Exercise goal: Find the lines below that contain the string "ultimately", count them, and give only the number.

Dataset entries:
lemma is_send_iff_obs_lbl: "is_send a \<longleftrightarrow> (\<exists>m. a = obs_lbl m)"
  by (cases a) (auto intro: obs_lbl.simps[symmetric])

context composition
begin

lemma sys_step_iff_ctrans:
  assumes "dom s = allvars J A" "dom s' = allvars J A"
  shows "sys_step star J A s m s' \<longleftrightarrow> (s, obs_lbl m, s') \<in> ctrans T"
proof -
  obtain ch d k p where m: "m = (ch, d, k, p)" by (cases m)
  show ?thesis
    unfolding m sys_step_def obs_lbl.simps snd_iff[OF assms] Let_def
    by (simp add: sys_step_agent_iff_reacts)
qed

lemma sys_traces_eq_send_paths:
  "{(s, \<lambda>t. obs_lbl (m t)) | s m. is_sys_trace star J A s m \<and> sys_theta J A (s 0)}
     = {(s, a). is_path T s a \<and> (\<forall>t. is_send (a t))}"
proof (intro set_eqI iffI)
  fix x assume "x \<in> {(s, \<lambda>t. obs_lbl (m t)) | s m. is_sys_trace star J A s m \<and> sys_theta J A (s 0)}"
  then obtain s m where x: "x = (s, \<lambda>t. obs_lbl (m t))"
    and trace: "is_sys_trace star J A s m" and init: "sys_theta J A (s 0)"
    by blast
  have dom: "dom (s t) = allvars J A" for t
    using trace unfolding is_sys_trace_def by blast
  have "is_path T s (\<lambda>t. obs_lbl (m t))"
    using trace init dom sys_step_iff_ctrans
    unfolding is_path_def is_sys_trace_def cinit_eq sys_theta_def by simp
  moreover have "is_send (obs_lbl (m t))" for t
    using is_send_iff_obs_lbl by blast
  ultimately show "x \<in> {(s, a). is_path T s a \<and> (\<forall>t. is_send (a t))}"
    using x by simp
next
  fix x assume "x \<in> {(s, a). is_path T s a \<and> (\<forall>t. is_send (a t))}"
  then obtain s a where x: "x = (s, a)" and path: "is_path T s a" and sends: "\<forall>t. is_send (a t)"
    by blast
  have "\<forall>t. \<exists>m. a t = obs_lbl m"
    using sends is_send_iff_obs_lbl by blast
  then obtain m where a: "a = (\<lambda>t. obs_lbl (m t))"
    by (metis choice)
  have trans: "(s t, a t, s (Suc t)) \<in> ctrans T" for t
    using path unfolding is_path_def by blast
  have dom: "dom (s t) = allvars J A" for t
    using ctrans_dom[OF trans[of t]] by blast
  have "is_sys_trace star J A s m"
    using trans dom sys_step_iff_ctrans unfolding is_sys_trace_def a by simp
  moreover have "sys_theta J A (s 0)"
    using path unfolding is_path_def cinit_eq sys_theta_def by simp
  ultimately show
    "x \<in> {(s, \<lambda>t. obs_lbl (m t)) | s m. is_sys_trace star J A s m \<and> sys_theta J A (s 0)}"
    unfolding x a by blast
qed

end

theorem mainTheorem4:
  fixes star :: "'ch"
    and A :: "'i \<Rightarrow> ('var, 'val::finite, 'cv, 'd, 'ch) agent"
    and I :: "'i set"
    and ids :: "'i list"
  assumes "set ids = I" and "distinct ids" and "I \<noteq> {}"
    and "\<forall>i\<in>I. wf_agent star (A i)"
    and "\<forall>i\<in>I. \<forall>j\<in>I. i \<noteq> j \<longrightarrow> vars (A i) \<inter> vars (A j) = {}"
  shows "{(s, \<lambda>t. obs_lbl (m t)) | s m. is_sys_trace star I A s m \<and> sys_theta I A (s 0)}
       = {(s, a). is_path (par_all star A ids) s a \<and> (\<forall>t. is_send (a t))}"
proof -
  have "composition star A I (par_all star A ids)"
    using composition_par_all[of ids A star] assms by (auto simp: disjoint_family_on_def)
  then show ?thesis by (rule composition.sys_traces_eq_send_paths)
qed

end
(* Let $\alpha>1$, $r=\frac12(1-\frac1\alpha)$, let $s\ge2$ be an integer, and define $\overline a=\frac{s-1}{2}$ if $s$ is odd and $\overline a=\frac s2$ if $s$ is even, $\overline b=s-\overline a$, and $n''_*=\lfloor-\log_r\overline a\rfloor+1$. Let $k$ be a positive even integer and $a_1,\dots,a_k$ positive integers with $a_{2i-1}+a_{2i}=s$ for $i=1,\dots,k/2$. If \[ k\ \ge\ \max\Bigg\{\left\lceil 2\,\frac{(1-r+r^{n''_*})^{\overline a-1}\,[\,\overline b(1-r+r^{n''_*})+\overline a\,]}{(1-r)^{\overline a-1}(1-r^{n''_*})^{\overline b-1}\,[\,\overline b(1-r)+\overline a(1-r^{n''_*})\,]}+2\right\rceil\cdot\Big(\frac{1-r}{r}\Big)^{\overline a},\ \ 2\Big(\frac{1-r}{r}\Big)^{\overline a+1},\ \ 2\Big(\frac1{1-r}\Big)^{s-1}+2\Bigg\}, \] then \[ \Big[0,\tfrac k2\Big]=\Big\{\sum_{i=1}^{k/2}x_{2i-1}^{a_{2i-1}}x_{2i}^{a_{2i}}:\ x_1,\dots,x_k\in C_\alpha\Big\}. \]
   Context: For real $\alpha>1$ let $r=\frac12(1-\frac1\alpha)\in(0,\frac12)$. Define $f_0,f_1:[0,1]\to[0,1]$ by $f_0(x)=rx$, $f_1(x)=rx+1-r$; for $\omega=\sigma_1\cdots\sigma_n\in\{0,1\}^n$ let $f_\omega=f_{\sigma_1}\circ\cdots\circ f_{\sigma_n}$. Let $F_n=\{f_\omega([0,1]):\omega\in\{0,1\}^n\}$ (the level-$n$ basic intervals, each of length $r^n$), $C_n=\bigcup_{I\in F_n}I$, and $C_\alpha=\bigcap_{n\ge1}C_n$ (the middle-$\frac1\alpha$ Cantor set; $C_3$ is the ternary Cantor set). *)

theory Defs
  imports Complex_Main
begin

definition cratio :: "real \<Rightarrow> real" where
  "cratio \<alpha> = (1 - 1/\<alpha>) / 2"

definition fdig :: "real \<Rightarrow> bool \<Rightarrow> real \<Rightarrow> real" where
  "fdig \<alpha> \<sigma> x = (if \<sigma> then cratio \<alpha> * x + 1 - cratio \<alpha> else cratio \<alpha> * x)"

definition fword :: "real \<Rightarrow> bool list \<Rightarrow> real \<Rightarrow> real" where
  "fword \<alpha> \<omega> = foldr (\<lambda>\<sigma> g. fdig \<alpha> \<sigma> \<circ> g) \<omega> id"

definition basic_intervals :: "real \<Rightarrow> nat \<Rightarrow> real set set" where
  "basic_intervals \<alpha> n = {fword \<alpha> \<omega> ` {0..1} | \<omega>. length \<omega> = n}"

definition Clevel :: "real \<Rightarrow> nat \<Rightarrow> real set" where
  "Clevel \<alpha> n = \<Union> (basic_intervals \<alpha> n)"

Task response: 2